The variety of ethnic foods available is impressive, too. It's not all Cajun and Creole. Consider the Bananas Foster Pain Perdu at Commander's Palace's Jazz Sunday Brunch and, later, a shrimp po-boy at numerous acclaimed local spots in NOLA. You also have nationally prominent chefs creatively cooking there including Susan Spicer, Emeril and E.J. Lagasse, Nina Compton and Donald Link. The mid-range hotel (operated by a large, multi-brand hotel group) I stayed in had a restaurant. I had no expectations food-wise, but this is New Orleans and the breakfasts I enjoyed there merit praise. Consider crawfish beignets ... only in New Orleans.


Pechanga Resort Casino Executive Chef Duane Owen is being interviewed by Andy Harris and co-host Chef Andrew Gruel of the SoCal Restaurant Show during a remote broadcast. Photo courtesy of Andy Harris
Pechanga Resort Casino Executive Chef Duane Owen is being interviewed by Andy Harris and co-host Chef Andrew Gruel of the SoCal Restaurant Show during a remote broadcast. Photo courtesy of Andy Harris

Panoringan: What is the most challenging thing about live radio?


Harris: My biggest challenge in live radio is making sure the guest is comfortable so they can easily share the information they are there to impart to our large listening audience. You also need to be prepared to take the conversation wherever it goes and not be overly rehearsed.

It's just a conversation. To me, live TV reading off a prompter is much more nerve-racking.


Panoringan: Any closing thoughts?


Harris: To the followers of Culture OC, please, please support local restaurants. Dine out as often as you can. Independent, locally-owned restaurants are the backbone of small business and a robust economy. The restaurant business is being squeezed on all sides.
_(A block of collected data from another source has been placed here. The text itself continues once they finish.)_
(* Let $\mathbb O=\{-m,\dots,0,\dots,M\}$ with integers $m,M\ge1$, and $\theta=0$. For every $x(0)\in\mathbb O^n$: if there exists a finite legal update sequence from $x(0)$ without crossing updates along which the trajectory reaches the consensus state $(0,\dots,0)$, then there exists a finite legal update sequence from $x(0)$ without crossing updates along which the system reaches a state $y$ (not necessarily an equilibrium) with $y_i=-1$ for every $i$ with $x_i(0)<0$ and $y_i=1$ for every $i$ with $x_i(0)>0$.
   Context: Let $n\ge1$, $\mathcal V=\{1,\dots,n\}$, and let $W=(w_{ij})$ be an $n\times n$ row-stochastic matrix. For $x\in\mathbb O^n$, $i\in\mathcal V$, $z\in\mathbb O$, define $C^i_{\mathrm{social}}(z;x)=\sum_{j=1}^n w_{ij}|z-x_j|$ and $P_i(x)=\{z\in\mathbb O: C^i_{\mathrm{social}}(z;x)\le C^i_{\mathrm{social}}(x_i;x),\ |z-\theta|\le |x_i-\theta|\}$. A legal update sequence from $x(0)$ is a finite sequence $(i_1,z_1),\dots,(i_T,z_T)$ with $i_t\in\mathcal V$, generating $x(1),\dots,x(T)$ where $x(t)$ is obtained from $x(t-1)$ by setting coordinate $i_t$ to $z_t$, such that $z_t\in P_{i_t}(x(t-1))$ for every $t$. The update at step $t$ is a crossing update if $(x_{i_t}(t)-\theta)(x_{i_t}(t-1)-\theta)<0$. *)

theory Defs
  imports Complex_Main
begin

text \<open>Agents are the elements of a finite type 'n (playing the role of {1..n});
  opinions are integers; an update is a pair (agent, new opinion).\<close>

definition opinions :: "int \<Rightarrow> int \<Rightarrow> int set" where
  "opinions m M = {-m..M}"

definition row_stochastic :: "('n::finite \<Rightarrow> 'n \<Rightarrow> real) \<Rightarrow> bool" where
  "row_stochastic W \<longleftrightarrow> (\<forall>i j. W i j \<ge> 0) \<and> (\<forall>i. (\<Sum>j\<in>UNIV. W i j) = 1)"

definition C_social :: "('n::finite \<Rightarrow> 'n \<Rightarrow> real) \<Rightarrow> 'n \<Rightarrow> int \<Rightarrow> ('n \<Rightarrow> int) \<Rightarrow> real" where
  "C_social W i z x = (\<Sum>j\<in>UNIV. W i j * real_of_int \<bar>z - x j\<bar>)"

definition P_set :: "int set \<Rightarrow> int \<Rightarrow> ('n::finite \<Rightarrow> 'n \<Rightarrow> real) \<Rightarrow> 'n \<Rightarrow> ('n \<Rightarrow> int) \<Rightarrow> int set" where
  "P_set O\<^sub>s \<theta> W i x = {z \<in> O\<^sub>s. C_social W i z x \<le> C_social W i (x i) x \<and> \<bar>z - \<theta>\<bar> \<le> \<bar>x i - \<theta>\<bar>}"

fun run :: "('n \<Rightarrow> int) \<Rightarrow> ('n \<times> int) list \<Rightarrow> ('n \<Rightarrow> int)" where
  "run x [] = x"
| "run x ((i, z) # s) = run (x(i := z)) s"

definition traj :: "('n \<Rightarrow> int) \<Rightarrow> ('n \<times> int) list \<Rightarrow> nat \<Rightarrow> ('n \<Rightarrow> int)" where
  "traj x s t = run x (take t s)"

fun legal :: "int set \<Rightarrow> int \<Rightarrow> ('n::finite \<Rightarrow> 'n \<Rightarrow> real) \<Rightarrow> ('n \<Rightarrow> int) \<Rightarrow> ('n \<times> int) list \<Rightarrow> bool" where
  "legal O\<^sub>s \<theta> W x [] = True"
| "legal O\<^sub>s \<theta> W x ((i, z) # s) = (z \<in> P_set O\<^sub>s \<theta> W i x \<and> legal O\<^sub>s \<theta> W (x(i := z)) s)"

fun no_crossing :: "int \<Rightarrow> ('n \<Rightarrow> int) \<Rightarrow> ('n \<times> int) list \<Rightarrow> bool" where
  "no_crossing \<theta> x [] = True"
| "no_crossing \<theta> x ((i, z) # s) = (\<not> ((z - \<theta>) * (x i - \<theta>) < 0) \<and> no_crossing \<theta> (x(i := z)) s)"

end

theory Submission
  imports Defs "HOL-Analysis.Convex"
begin

text \<open>Along a legal update sequence without crossings every agent keeps the weak sign of its
  initial opinion. Polarize every opinion of an agent with positive (negative) initial opinion to
  at least 1 (at most -1). The image of a legal non-crossing update is again legal and
  non-crossing: polarization only moves agents sitting at 0 to \<open>\<plusminus>1\<close>, which shifts the social cost
  of all opinions beyond \<open>\<plusminus>1\<close> by the same constant, and an agent whose new opinion is clipped
  to \<open>\<plusminus>1\<close> is covered by convexity of the social cost. The polarized image of a sequence reaching
  consensus at 0 ends in the required state.\<close>

lemma convex_on_sum_fun:
  assumes "finite I" "convex S" "\<And>i. i \<in> I \<Longrightarrow> convex_on S (f i)"
  shows "convex_on S (\<lambda>x. \<Sum>i\<in>I. f i x)"
  using assms by (induction I rule: finite_induct) (auto simp: convex_on_const)

lemma convex_on_weighted_abs_dev:
  fixes w a :: "'a \<Rightarrow> real"
  assumes "finite J" "\<And>j. w j \<ge> 0"
  shows "convex_on UNIV (\<lambda>u. \<Sum>j\<in>J. w j * \<bar>u - a j\<bar>)"
proof (rule convex_on_sum_fun[OF assms(1) convex_UNIV])
  fix j
  have "convex_on UNIV (\<lambda>u. dist u (a j))"
    by (simp add: convex_on_dist dist_commute[of _ "a j"])
  then show "convex_on UNIV (\<lambda>u. w j * \<bar>u - a j\<bar>)"
    using assms(2) by (simp add: convex_on_cmul dist_real_def)
qed

lemma C_social_between_le:
  fixes W :: "'n::finite \<Rightarrow> 'n \<Rightarrow> real"
  assumes "\<And>j. W i j \<ge> 0" and "min z v \<le> p" "p \<le> max z v"
    and "C_social W i z x \<le> C_social W i v x"
  shows "C_social W i p x \<le> C_social W i v x"
proof -
  define f where "f u = (\<Sum>j\<in>UNIV. W i j * \<bar>u - real_of_int (x j)\<bar>)" for u
  have C_f: "C_social W i u x = f (real_of_int u)" for u
    by (simp add: C_social_def f_def)
  have "convex_on UNIV f"
    unfolding f_def using assms(1) by (rule convex_on_weighted_abs_dev[OF finite_UNIV])
  then have "convex_on {real_of_int (min z v)..real_of_int (max z v)} f"
    by (rule convex_on_subset) simp_all
  moreover have "real_of_int p \<in> {real_of_int (min z v)..real_of_int (max z v)}"
    using assms(2,3) by simp
  ultimately have "f p \<le> max (f (min z v)) (f (max z v))"
    by (rule convex_on_le_max)
  also have "\<dots> = max (f z) (f v)"
    by (cases "z \<le> v") (simp_all add: max.commute)
  finally show ?thesis
    using assms(4) by (simp add: C_f)
qed

lemma abs_diff_shift_eq:
  fixes a b u v c :: "'a::linordered_idom"
  assumes "\<bar>a\<bar> \<le> c" "\<bar>b\<bar> \<le> c" and "c \<le> u \<and> c \<le> v \<or> u \<le> -c \<and> v \<le> -c"
  shows "\<bar>u - b\<bar> - \<bar>v - b\<bar> = \<bar>u - a\<bar> - \<bar>v - a\<bar>"
  using assms by linarith

lemma C_social_perturb_le:
  fixes W :: "'n::finite \<Rightarrow> 'n \<Rightarrow> real"
  assumes "\<forall>j. x j \<noteq> y j \<longrightarrow> \<bar>x j\<bar> \<le> c \<and> \<bar>y j\<bar> \<le> c"
    and "c \<le> u \<and> c \<le> v \<or> u \<le> -c \<and> v \<le> -c"
    and "C_social W i u x \<le> C_social W i v x"
  shows "C_social W i u y \<le> C_social W i v y"
proof -
  have "\<bar>real_of_int u - y j\<bar> - \<bar>real_of_int v - y j\<bar>
      = \<bar>real_of_int u - x j\<bar> - \<bar>real_of_int v - x j\<bar>" for j
  proof (cases "x j = y j")
    case False
    then show ?thesis
      using assms(1) False assms(2)
      by (intro abs_diff_shift_eq[where c = "real_of_int c"]) auto
  qed simp
  then have "C_social W i u y - C_social W i v y = C_social W i u x - C_social W i v x"
    by (simp add: C_social_def flip: sum_subtractf right_diff_distrib)
  then show ?thesis
    using assms(3) by simp
qed

definition polarize :: "('n \<Rightarrow> int) \<Rightarrow> 'n \<Rightarrow> int \<Rightarrow> int" where
  "polarize x0 i v = (if x0 i > 0 then max v 1 else if x0 i < 0 then min v (-1) else v)"

definition polarize_state :: "('n \<Rightarrow> int) \<Rightarrow> ('n \<Rightarrow> int) \<Rightarrow> 'n \<Rightarrow> int" where
  "polarize_state x0 x k = polarize x0 k (x k)"

abbreviation polarize_updates :: "('n \<Rightarrow> int) \<Rightarrow> ('n \<times> int) list \<Rightarrow> ('n \<times> int) list" where
  "polarize_updates x0 s \<equiv> map (\<lambda>(i, z). (i, polarize x0 i z)) s"

definition sign_compatible :: "('n \<Rightarrow> int) \<Rightarrow> ('n \<Rightarrow> int) \<Rightarrow> bool" where
  "sign_compatible x0 x \<longleftrightarrow> (\<forall>i. x i = 0 \<or> sgn (x i) = sgn (x0 i))"

lemma polarize_in_opinions:
  assumes "m \<ge> 1" "M \<ge> 1" "v \<in> opinions m M"
  shows "polarize x0 i v \<in> opinions m M"
  using assms by (auto simp: polarize_def opinions_def)

lemma polarize_state_self: "polarize_state x0 x0 = x0"
  by (simp add: polarize_state_def polarize_def fun_eq_iff)

lemma polarize_state_change_bounded:
  assumes "sign_compatible x0 x" "x j \<noteq> polarize_state x0 x j"
  shows "\<bar>x j\<bar> \<le> 1 \<and> \<bar>polarize_state x0 x j\<bar> \<le> 1"
  using assms(1)[unfolded sign_compatible_def, rule_format, of j] assms(2)
  by (auto simp: polarize_state_def polarize_def sgn_if split: if_splits)

lemma between_zero_if_not_crossing:
  fixes z v :: int
  assumes "\<bar>z\<bar> \<le> \<bar>v\<bar>" "\<not> z * v < 0"
  shows "min 0 v \<le> z \<and> z \<le> max 0 v"
  using assms by (auto simp: mult_less_0_iff abs_if split: if_splits)

lemma polarize_update:
  fixes W :: "'n::finite \<Rightarrow> 'n \<Rightarrow> real"
  assumes "m \<ge> 1" "M \<ge> 1" "row_stochastic W" "sign_compatible x0 x"
    and z_legal: "z \<in> P_set (opinions m M) 0 W i x" and z_not_crossing: "\<not> z * x i < 0"
  shows "polarize x0 i z \<in> P_set (opinions m M) 0 W i (polarize_state x0 x)"
    and "\<not> polarize x0 i z * polarize_state x0 x i < 0"
    and "sign_compatible x0 (x(i := z))"
proof -
  let ?p = "polarize x0 i z" and ?q = "polarize x0 i (x i)"
  have z_in: "z \<in> opinions m M" and z_cost: "C_social W i z x \<le> C_social W i (x i) x"
    and "\<bar>z\<bar> \<le> \<bar>x i\<bar>"
    using z_legal by (auto simp: P_set_def)
  then have z_between: "min 0 (x i) \<le> z \<and> z \<le> max 0 (x i)"
    using z_not_crossing by (intro between_zero_if_not_crossing)
  have W_nonneg: "\<And>j. W i j \<ge> 0"
    using assms(3) by (simp add: row_stochastic_def)
  have polarize_changes:
    "\<forall>j. x j \<noteq> polarize_state x0 x j \<longrightarrow> \<bar>x j\<bar> \<le> 1 \<and> \<bar>polarize_state x0 x j\<bar> \<le> 1"
    using polarize_state_change_bounded[OF assms(4)] by blast
  have xi: "x i = 0 \<or> sgn (x i) = sgn (x0 i)"
    using assms(4) by (simp add: sign_compatible_def)
  show "sign_compatible x0 (x(i := z))"
    using assms(4) xi z_between by (auto simp: sign_compatible_def sgn_if split: if_splits)
  show "\<not> ?p * polarize_state x0 x i < 0"
    using xi z_between
    by (auto simp: polarize_state_def polarize_def sgn_if mult_less_0_iff split: if_splits)
  have "C_social W i ?p (polarize_state x0 x) \<le> C_social W i ?q (polarize_state x0 x)"
  proof -
    consider "?p = ?q"
      | "?q = x i" "min z (x i) \<le> ?p" "?p \<le> max z (x i)"
        "1 \<le> ?p \<and> 1 \<le> x i \<or> ?p \<le> -1 \<and> x i \<le> -1"
      using xi z_between by (auto simp: polarize_def sgn_if split: if_splits)
    then show ?thesis
    proof cases
      case 2
      have "C_social W i ?p x \<le> C_social W i (x i) x"
        using W_nonneg 2(2,3) z_cost by (rule C_social_between_le)
      then show ?thesis
        unfolding 2(1)
        by (rule C_social_perturb_le[OF polarize_changes 2(4)])
    qed simp
  qed
  moreover have "?p \<in> opinions m M"
    using assms(1,2) z_in by (rule polarize_in_opinions)
  moreover have "\<bar>?p\<bar> \<le> \<bar>?q\<bar>"
    using xi z_between by (auto simp: polarize_def sgn_if split: if_splits)
  ultimately show "?p \<in> P_set (opinions m M) 0 W i (polarize_state x0 x)"
    by (simp add: P_set_def polarize_state_def)
qed

lemma polarize_run:
  fixes W :: "'n::finite \<Rightarrow> 'n \<Rightarrow> real"
  assumes "m \<ge> 1" "M \<ge> 1" "row_stochastic W"
  shows "sign_compatible x0 x \<Longrightarrow> legal (opinions m M) 0 W x s \<Longrightarrow> no_crossing 0 x s \<Longrightarrow>
    legal (opinions m M) 0 W (polarize_state x0 x) (polarize_updates x0 s)
    \<and> no_crossing 0 (polarize_state x0 x) (polarize_updates x0 s)
    \<and> run (polarize_state x0 x) (polarize_updates x0 s) = polarize_state x0 (run x s)"
proof (induction s arbitrary: x)
  case Nil
  then show ?case by simp
next
  case (Cons u s)
  obtain i z where u: "u = (i, z)"
    by (cases u)
  have "z \<in> P_set (opinions m M) 0 W i x" "\<not> z * x i < 0"
    and "legal (opinions m M) 0 W (x(i := z)) s" "no_crossing 0 (x(i := z)) s"
    using Cons.prems(2,3) by (simp_all add: u)
  note step = polarize_update[OF assms Cons.prems(1) this(1,2)]
  have upd: "(polarize_state x0 x)(i := polarize x0 i z) = polarize_state x0 (x(i := z))"
    by (auto simp: polarize_state_def)
  have "legal (opinions m M) 0 W (polarize_state x0 (x(i := z))) (polarize_updates x0 s)
    \<and> no_crossing 0 (polarize_state x0 (x(i := z))) (polarize_updates x0 s)
    \<and> run (polarize_state x0 (x(i := z))) (polarize_updates x0 s)
        = polarize_state x0 (run (x(i := z)) s)"
    by (rule Cons.IH[OF step(3) \<open>legal _ _ _ (x(i := z)) s\<close> \<open>no_crossing _ (x(i := z)) s\<close>])
  with step(1,2) show ?case
    by (simp add: u upd)
qed

lemma legal_take: "legal O\<^sub>s \<theta> W x s \<Longrightarrow> legal O\<^sub>s \<theta> W x (take t s)"
  by (induction O\<^sub>s \<theta> W x s arbitrary: t rule: legal.induct) (auto simp: take_Cons')

lemma no_crossing_take: "no_crossing \<theta> x s \<Longrightarrow> no_crossing \<theta> x (take t s)"
  by (induction \<theta> x s arbitrary: t rule: no_crossing.induct) (auto simp: take_Cons')

theorem lemma4:
  fixes m M :: int and W :: "'n::finite \<Rightarrow> 'n \<Rightarrow> real" and x0 :: "'n \<Rightarrow> int"
  assumes "m \<ge> 1" and "M \<ge> 1"
    and "row_stochastic W"
    and "\<forall>i. x0 i \<in> opinions m M"
    and "\<exists>s t. legal (opinions m M) 0 W x0 s \<and> no_crossing 0 x0 s \<and> t \<le> length s
               \<and> traj x0 s t = (\<lambda>_. 0)"
  shows "\<exists>s t. legal (opinions m M) 0 W x0 s \<and> no_crossing 0 x0 s \<and> t \<le> length s
               \<and> (\<forall>i. x0 i < 0 \<longrightarrow> traj x0 s t i = -1)
               \<and> (\<forall>i. x0 i > 0 \<longrightarrow> traj x0 s t i = 1)"
proof -
  obtain s t where "legal (opinions m M) 0 W x0 s" "no_crossing 0 x0 s"
    and consensus: "run x0 (take t s) = (\<lambda>_. 0)"
    using assms(5) by (auto simp: traj_def)
  then have "legal (opinions m M) 0 W x0 (take t s)" "no_crossing 0 x0 (take t s)"
    by (simp_all add: legal_take no_crossing_take)
  moreover have "sign_compatible x0 x0"
    by (simp add: sign_compatible_def)
  ultimately have "legal (opinions m M) 0 W x0 (polarize_updates x0 (take t s))
      \<and> no_crossing 0 x0 (polarize_updates x0 (take t s))
      \<and> run x0 (polarize_updates x0 (take t s)) = polarize_state x0 (\<lambda>_. 0)"
    using polarize_run[OF assms(1-3), of x0 x0 "take t s"] consensus
    by (simp add: polarize_state_self)
  then show ?thesis
    by (intro exI[of _ "polarize_updates x0 (take t s)"] exI[of _ "length (take t s)"])
      (auto simp: traj_def polarize_state_def polarize_def)
qed

end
It's not an easy life to begin with. 


Chefs and restaurateurs are always at the front of the line donating their services (feeding people) when there is need. With the devastating Palisades and Pasadena/Altadena fires, chefs and restaurateurs lost their homes and businesses. Their hard-working employees are out of work. They merit our encouragement.


The "SoCal Restaurant Show" airs live every Saturday morning from 10 a.m. to noon on AM 830 KLAA, the home of Angels Baseball.